## Activity
Go through the entries below and collect each line with the string "assumes" in it.

## Records for the task

* * * *

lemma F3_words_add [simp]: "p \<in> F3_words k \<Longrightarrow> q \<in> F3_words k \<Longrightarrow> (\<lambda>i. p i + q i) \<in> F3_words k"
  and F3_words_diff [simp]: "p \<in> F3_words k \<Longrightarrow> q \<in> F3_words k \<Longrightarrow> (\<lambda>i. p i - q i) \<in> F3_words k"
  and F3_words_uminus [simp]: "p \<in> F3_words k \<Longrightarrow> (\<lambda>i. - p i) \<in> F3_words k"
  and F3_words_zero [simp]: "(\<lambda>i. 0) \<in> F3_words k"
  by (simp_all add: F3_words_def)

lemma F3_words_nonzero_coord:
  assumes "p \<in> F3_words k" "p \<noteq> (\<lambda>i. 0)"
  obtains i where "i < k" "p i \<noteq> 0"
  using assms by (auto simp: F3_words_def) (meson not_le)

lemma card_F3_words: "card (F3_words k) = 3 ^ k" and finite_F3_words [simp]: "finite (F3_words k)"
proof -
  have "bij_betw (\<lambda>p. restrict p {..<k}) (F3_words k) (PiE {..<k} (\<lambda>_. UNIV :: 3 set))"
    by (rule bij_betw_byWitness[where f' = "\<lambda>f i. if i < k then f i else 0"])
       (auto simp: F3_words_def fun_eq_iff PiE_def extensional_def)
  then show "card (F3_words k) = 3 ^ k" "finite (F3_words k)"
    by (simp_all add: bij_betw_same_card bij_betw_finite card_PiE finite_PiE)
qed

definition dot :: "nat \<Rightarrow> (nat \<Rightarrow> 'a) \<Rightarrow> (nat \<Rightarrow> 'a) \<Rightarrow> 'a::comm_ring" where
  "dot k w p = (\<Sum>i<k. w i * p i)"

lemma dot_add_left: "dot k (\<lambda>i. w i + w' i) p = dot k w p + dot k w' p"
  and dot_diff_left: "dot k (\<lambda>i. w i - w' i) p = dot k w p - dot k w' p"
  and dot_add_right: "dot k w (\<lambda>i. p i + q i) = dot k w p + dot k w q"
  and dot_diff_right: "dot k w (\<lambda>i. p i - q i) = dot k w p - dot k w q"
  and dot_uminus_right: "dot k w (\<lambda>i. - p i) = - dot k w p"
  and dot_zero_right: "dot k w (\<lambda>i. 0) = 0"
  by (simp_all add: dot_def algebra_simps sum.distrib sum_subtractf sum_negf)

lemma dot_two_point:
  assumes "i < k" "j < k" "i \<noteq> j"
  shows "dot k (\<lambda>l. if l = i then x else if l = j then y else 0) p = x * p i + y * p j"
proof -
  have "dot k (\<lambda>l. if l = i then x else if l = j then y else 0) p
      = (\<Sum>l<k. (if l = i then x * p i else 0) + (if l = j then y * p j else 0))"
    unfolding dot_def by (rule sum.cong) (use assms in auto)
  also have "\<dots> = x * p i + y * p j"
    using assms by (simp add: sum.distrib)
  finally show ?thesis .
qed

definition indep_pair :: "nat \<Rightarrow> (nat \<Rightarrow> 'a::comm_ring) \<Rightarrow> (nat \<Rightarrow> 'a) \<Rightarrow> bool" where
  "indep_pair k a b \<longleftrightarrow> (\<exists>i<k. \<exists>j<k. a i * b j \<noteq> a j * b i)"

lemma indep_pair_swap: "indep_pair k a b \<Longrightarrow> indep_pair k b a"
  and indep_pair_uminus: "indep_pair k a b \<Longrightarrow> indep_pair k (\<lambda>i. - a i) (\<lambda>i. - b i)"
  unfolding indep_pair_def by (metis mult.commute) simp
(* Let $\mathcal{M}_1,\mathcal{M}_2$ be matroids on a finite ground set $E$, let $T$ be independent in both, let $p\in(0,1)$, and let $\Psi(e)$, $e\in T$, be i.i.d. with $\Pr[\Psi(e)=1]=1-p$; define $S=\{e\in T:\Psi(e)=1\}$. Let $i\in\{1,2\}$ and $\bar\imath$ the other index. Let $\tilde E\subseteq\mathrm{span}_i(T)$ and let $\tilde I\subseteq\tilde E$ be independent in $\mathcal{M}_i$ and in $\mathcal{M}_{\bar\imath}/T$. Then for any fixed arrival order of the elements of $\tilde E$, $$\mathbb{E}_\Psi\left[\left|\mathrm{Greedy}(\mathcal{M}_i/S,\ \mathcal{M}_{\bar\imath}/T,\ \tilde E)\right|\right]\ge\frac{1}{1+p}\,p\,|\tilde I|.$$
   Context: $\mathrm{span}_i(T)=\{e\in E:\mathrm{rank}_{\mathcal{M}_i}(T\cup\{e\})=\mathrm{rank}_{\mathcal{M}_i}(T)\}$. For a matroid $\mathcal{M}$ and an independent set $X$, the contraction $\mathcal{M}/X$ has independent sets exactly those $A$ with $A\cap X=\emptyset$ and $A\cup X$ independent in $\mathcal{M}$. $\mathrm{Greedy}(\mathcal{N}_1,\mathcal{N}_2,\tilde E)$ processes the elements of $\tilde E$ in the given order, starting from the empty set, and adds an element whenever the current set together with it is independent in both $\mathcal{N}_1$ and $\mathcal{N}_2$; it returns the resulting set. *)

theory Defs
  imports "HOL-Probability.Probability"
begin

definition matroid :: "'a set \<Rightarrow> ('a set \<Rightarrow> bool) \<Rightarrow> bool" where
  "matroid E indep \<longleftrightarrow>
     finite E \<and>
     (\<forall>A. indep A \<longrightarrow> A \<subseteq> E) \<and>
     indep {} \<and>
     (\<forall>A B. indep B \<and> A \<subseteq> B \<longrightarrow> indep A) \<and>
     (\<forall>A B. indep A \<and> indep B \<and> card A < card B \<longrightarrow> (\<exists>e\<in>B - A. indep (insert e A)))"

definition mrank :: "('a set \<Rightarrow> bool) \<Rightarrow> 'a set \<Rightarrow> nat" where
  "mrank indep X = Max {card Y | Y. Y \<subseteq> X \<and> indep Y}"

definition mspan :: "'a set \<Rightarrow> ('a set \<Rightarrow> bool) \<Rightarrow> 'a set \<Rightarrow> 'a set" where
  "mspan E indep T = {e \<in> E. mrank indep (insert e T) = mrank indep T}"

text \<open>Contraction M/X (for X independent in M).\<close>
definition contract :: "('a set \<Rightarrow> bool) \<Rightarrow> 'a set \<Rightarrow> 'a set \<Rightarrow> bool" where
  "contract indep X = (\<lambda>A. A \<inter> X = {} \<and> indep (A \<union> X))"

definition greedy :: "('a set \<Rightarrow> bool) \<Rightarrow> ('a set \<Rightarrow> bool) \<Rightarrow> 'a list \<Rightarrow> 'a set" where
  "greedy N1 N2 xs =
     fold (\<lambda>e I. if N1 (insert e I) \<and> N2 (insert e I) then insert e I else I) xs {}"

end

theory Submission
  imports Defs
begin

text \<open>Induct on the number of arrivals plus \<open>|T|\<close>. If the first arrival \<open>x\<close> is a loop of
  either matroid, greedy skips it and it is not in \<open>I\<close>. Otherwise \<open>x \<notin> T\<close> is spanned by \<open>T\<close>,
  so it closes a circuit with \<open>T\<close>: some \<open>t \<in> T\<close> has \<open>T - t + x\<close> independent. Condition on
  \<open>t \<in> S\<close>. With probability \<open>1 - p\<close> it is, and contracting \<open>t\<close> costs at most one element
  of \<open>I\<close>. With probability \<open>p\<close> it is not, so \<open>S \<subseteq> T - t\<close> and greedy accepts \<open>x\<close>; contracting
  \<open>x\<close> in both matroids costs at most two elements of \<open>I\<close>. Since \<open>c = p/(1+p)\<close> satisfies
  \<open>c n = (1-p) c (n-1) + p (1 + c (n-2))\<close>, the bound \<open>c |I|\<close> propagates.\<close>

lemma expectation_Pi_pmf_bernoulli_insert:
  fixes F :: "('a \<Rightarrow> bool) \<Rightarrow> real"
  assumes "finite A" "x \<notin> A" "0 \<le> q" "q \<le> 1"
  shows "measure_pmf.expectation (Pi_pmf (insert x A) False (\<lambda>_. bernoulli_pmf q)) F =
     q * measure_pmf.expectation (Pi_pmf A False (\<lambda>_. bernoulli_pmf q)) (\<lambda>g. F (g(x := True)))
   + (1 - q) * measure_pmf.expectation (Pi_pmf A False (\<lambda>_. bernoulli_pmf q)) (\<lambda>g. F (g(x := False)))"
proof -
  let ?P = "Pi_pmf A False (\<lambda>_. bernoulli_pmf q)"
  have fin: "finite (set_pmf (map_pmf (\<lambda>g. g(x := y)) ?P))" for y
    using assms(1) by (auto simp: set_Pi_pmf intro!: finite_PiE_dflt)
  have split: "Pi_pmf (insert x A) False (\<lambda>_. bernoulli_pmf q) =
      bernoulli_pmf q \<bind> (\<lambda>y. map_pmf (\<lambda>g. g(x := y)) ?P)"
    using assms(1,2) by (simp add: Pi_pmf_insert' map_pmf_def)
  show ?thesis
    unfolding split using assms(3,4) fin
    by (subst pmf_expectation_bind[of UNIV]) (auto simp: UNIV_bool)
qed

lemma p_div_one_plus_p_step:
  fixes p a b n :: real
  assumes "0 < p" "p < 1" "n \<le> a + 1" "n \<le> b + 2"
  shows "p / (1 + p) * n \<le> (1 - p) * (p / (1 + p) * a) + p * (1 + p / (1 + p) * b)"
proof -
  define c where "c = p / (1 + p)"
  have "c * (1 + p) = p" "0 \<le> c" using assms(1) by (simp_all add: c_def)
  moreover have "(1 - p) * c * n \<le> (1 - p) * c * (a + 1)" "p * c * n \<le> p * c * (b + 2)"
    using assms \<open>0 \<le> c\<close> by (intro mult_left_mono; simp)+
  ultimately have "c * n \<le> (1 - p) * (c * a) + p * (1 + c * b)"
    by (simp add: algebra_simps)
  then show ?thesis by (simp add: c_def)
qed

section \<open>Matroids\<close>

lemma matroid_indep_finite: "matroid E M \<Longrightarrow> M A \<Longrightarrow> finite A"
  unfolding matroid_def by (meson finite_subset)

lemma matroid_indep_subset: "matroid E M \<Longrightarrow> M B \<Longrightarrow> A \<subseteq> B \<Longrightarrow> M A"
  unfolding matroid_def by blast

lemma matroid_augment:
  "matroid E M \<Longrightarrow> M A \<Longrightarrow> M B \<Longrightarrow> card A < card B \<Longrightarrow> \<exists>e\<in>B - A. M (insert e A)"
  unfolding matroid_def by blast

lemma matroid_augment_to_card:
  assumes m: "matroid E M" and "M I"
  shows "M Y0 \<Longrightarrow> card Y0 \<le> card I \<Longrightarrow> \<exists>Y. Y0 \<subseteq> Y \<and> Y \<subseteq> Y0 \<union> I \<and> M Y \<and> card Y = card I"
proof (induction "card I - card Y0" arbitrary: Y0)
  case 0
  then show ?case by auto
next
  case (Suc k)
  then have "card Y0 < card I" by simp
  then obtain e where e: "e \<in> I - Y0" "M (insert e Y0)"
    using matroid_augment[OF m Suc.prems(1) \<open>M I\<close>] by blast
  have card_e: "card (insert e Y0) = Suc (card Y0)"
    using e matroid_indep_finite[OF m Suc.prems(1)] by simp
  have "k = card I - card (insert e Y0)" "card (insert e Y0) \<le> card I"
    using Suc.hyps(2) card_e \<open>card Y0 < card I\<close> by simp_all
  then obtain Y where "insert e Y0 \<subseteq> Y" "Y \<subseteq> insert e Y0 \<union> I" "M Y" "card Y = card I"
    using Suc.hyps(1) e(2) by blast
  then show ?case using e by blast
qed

* * * *

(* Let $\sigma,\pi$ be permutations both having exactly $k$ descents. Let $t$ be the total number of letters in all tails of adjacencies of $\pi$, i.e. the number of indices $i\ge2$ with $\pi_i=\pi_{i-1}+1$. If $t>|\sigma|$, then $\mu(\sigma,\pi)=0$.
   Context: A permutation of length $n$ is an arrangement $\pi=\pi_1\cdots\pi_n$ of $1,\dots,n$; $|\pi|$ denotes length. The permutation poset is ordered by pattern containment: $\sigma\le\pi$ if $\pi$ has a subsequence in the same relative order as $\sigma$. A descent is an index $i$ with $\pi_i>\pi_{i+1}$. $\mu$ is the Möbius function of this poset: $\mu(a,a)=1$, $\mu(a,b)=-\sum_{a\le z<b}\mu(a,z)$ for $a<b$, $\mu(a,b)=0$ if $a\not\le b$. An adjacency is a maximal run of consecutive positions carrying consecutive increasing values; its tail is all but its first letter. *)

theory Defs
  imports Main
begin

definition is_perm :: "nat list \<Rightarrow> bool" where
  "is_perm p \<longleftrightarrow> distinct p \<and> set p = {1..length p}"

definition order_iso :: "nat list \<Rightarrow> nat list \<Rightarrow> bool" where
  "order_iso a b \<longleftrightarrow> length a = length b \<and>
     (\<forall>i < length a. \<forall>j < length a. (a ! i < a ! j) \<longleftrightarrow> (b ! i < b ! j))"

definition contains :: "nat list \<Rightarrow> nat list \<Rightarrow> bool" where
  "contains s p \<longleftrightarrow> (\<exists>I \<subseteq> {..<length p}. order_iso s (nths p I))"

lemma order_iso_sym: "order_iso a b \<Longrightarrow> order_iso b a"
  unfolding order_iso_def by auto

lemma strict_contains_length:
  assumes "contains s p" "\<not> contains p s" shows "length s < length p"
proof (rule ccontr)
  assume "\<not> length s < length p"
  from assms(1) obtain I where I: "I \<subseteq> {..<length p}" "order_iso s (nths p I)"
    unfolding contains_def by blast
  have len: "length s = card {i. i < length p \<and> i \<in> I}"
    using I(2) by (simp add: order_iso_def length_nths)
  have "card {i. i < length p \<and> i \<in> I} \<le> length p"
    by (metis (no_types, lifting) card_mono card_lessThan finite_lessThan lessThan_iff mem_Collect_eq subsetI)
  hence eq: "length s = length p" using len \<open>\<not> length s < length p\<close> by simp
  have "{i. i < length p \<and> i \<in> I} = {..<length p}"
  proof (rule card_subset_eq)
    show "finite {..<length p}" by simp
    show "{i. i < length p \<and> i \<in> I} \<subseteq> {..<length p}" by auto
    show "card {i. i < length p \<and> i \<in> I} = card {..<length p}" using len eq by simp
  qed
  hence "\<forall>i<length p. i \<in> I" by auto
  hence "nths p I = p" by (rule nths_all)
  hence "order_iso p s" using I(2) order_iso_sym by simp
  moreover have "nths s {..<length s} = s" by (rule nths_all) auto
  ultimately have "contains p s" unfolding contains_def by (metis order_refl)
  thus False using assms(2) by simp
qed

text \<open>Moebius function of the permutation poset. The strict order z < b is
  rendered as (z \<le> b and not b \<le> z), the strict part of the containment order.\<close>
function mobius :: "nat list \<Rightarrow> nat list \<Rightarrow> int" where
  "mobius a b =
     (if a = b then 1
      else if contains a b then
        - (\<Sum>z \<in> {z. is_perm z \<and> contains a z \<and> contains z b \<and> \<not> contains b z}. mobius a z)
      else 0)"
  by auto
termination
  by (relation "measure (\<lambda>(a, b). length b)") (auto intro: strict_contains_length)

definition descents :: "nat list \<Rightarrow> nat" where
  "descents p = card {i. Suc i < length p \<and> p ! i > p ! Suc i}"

* * * *

## Finished task
  assumes "p \<in> F3_words k" "p \<noteq> (\<lambda>i. 0)"
  assumes "i < k" "j < k" "i \<noteq> j"
  assumes "finite A" "x \<notin> A" "0 \<le> q" "q \<le> 1"
  assumes "0 < p" "p < 1" "n \<le> a + 1" "n \<le> b + 2"
  assumes m: "matroid E M" and "M I"
  assumes "contains s p" "\<not> contains p s" shows "length s < length p"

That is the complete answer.